= EXERCISE DIRECTIONS =
Among the entries below, find the lines with the word "alternating" and copy them.

= THE DATA =

definition qw_delta :: "('b \<Rightarrow> 'b) \<Rightarrow> (('b \<Rightarrow> 'b) \<Rightarrow> 'q::comm_ring_1)" where
  "qw_delta w = (\<lambda>u. if u = w then 1 else 0)"

text \<open>X_g = y_g (1 - delta_g), with y_g = 1/x_g.\<close>
definition qw_X :: "('b::real_inner \<Rightarrow> 'q::comm_ring_1) \<Rightarrow> 'b \<Rightarrow> (('b \<Rightarrow> 'b) \<Rightarrow> 'q)" where
  "qw_X y g = (\<lambda>u. y g * (qw_delta id u - qw_delta (rrefl g) u))"

fun Xalt ::
  "('b::real_inner \<Rightarrow> 'b) set \<Rightarrow> (('b \<Rightarrow> 'b) \<Rightarrow> 'q::comm_ring_1 \<Rightarrow> 'q) \<Rightarrow> ('b \<Rightarrow> 'q)
     \<Rightarrow> 'b \<Rightarrow> 'b \<Rightarrow> nat \<Rightarrow> (('b \<Rightarrow> 'b) \<Rightarrow> 'q)" where
  "Xalt W act y a b 0 = qw_delta id"
| "Xalt W act y a b (Suc i) = qw_mult W act (qw_X y a) (Xalt W act y b a i)"

definition upsilon ::
  "(('b::real_inner \<Rightarrow> 'b) \<Rightarrow> 'q::comm_ring_1 \<Rightarrow> 'q) \<Rightarrow> ('b \<Rightarrow> 'q) \<Rightarrow> 'b \<Rightarrow> 'b \<Rightarrow> nat \<Rightarrow> nat \<Rightarrow> 'q" where
  "upsilon act y a b m i = (\<Prod>j\<in>{0..<m - i}. act (salt a b j) (y (if even j then a else b)))"

definition Ssum ::
  "(('b::real_inner \<Rightarrow> 'b) \<Rightarrow> 'q::comm_ring_1 \<Rightarrow> 'q) \<Rightarrow> 'b \<Rightarrow> 'b \<Rightarrow> nat \<Rightarrow> nat \<Rightarrow> 'q \<Rightarrow> 'q" where
  "Ssum act a b i j u = (\<Sum>k\<in>{i..j}. act (salt a b k) u)"

end

theory Submission
  imports Defs
begin

text \<open>
  Only \<delta>_1 and \<delta>_{s_a} occur in X_a, so the coefficients c^{(n)}_{a,b}(u) of X^{(n)}_{a\<dots>}
  satisfy c^{(n+1)}_{a,b}(u) = y_a (c^{(n)}_{b,a}(u) - s_a(c^{(n)}_{b,a}(s_a u))).  As the
  alternating words of length below 2m are pairwise distinct, this recursion shows that
  X^{(n)} has no component on alternating words longer than n, that its coefficient at the
  word of length n is \<plusminus>\<upsilon>, and then, by induction on n, that its coefficient at the word of
  length n - 2 is \<plusminus>\<upsilon> S, the sum S gaining one term at each step.
\<close>

lemma rrefl_rrefl:
  fixes g :: "'a::real_inner"
  assumes "g \<noteq> 0"
  shows "rrefl g (rrefl g v) = v"
proof -
  have "rrefl g v \<bullet> g = - (v \<bullet> g)"
    using assms by (simp add: rrefl_def inner_diff_left)
  then show ?thesis by (simp add: rrefl_def)
qed

lemma rrefl_neq_id:
  fixes g :: "'a::real_inner"
  assumes "g \<noteq> 0"
  shows "rrefl g \<noteq> id"
proof
  assume "rrefl g = id"
  moreover have "rrefl g g = - g" using assms by (simp add: rrefl_def scaleR_2)
  ultimately have "g + g = 0" by (metis add.right_inverse id_apply)
  with assms show False by (simp flip: scaleR_2)
qed

lemma rrefl_complex_unit: "cmod g = 1 \<Longrightarrow> rrefl g v = - (g\<^sup>2) * cnj v"
proof -
  assume "cmod g = 1"
  then have gg: "g \<bullet> g = 1" and n: "(Re g)\<^sup>2 + (Im g)\<^sup>2 = 1"
    by (simp_all add: power2_norm_eq_inner[symmetric] cmod_def)
  show ?thesis unfolding rrefl_def gg
    by (simp add: complex_eq_iff inner_complex_def power2_eq_square algebra_simps
        scaleR_conv_of_real) (use n in algebra)
qed

lemma cmod_alpha: "cmod alpha = 1"
  by (simp add: alpha_def)

lemma cmod_beta: "cmod (beta m) = 1"
  by (simp add: beta_def)

lemma beta_power_eq_cis: "beta m ^ (2 * i) = cis (real (2 * i) * (pi - pi / real m))"
  unfolding beta_def by (rule Complex.DeMoivre)

lemma beta_power_neq_1:
  assumes "0 < i" "i < m"
  shows "beta m ^ (2 * i) \<noteq> 1"
proof
  assume "beta m ^ (2 * i) = 1"
  then obtain n :: int where n: "real (2 * i) * (pi - pi / real m) = of_int (2 * n) * pi"
    by (auto simp: beta_power_eq_cis cis_conv_exp exp_eq_1)
  have "2 * pi * (real i - real i / real m) = 2 * pi * of_int n"
    using n by (simp add: algebra_simps)
  then have "real i - real i / real m = of_int n" by simp
  then have k: "real i / real m = of_int (int i - n)" by simp
  have "0 < real i / real m" "real i / real m < 1" using assms by auto
  with k have "0 < int i - n" "int i - n < 1" by linarith+
  then show False by simp
qed

lemma beta_power_2m: "0 < m \<Longrightarrow> beta m ^ (2 * m) = 1"
proof -
  assume m: "0 < m"
  have angle: "real (2 * m) * (pi - pi / real m) = 2 * pi * real (m - 1)"
    using m by (simp add: field_simps)
  show ?thesis
    unfolding beta_power_eq_cis angle by (rule cis_multiple_2pi) simp
qed

definition simple_pair :: "nat \<Rightarrow> complex \<Rightarrow> complex \<Rightarrow> bool" where
  "simple_pair m a b \<longleftrightarrow> (a = alpha \<and> b = beta m) \<or> (a = beta m \<and> b = alpha)"

lemma simple_pair_swap: "simple_pair m a b \<Longrightarrow> simple_pair m b a"
  by (auto simp: simple_pair_def)

lemma simple_pair_cmod: "simple_pair m a b \<Longrightarrow> cmod a = 1 \<and> cmod b = 1"
  by (auto simp: simple_pair_def cmod_alpha cmod_beta)

lemma salt_double:
  assumes "cmod a = 1" "cmod b = 1"
  shows "salt a b (2 * i) = (\<lambda>z. (a\<^sup>2 * cnj (b\<^sup>2)) ^ i * z)"
proof (induction i)
  case 0
  show ?case by (auto simp: id_def)
next
  case (Suc i)
  have e: "2 * Suc i = Suc (Suc (2 * i))" by simp
  show ?case
    unfolding e salt.simps Suc.IH
    using assms by (auto simp: rrefl_complex_unit fun_eq_iff algebra_simps)
qed

lemma salt_Suc_double:
  assumes "cmod a = 1" "cmod b = 1"
  shows "salt a b (Suc (2 * i)) = (\<lambda>z. (- (a\<^sup>2) * cnj ((b\<^sup>2 * cnj (a\<^sup>2)) ^ i)) * cnj z)"
  using assms by (auto simp: salt_double rrefl_complex_unit fun_eq_iff)

lemma mult_cnj_neq_id: "(\<lambda>z. c * cnj z) \<noteq> id"
proof
  assume h: "(\<lambda>z. c * cnj z) = id"
  have "c = 1" using fun_cong[OF h, of 1] by simp
  moreover have "c * cnj \<i> = \<i>" using fun_cong[OF h, of \<i>] by simp
  ultimately show False by (simp add: complex_eq_iff)
qed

= EXERCISE OUTPUT =
  alternating words of length below 2m are pairwise distinct, this recursion shows that
  X^{(n)} has no component on alternating words longer than n, that its coefficient at the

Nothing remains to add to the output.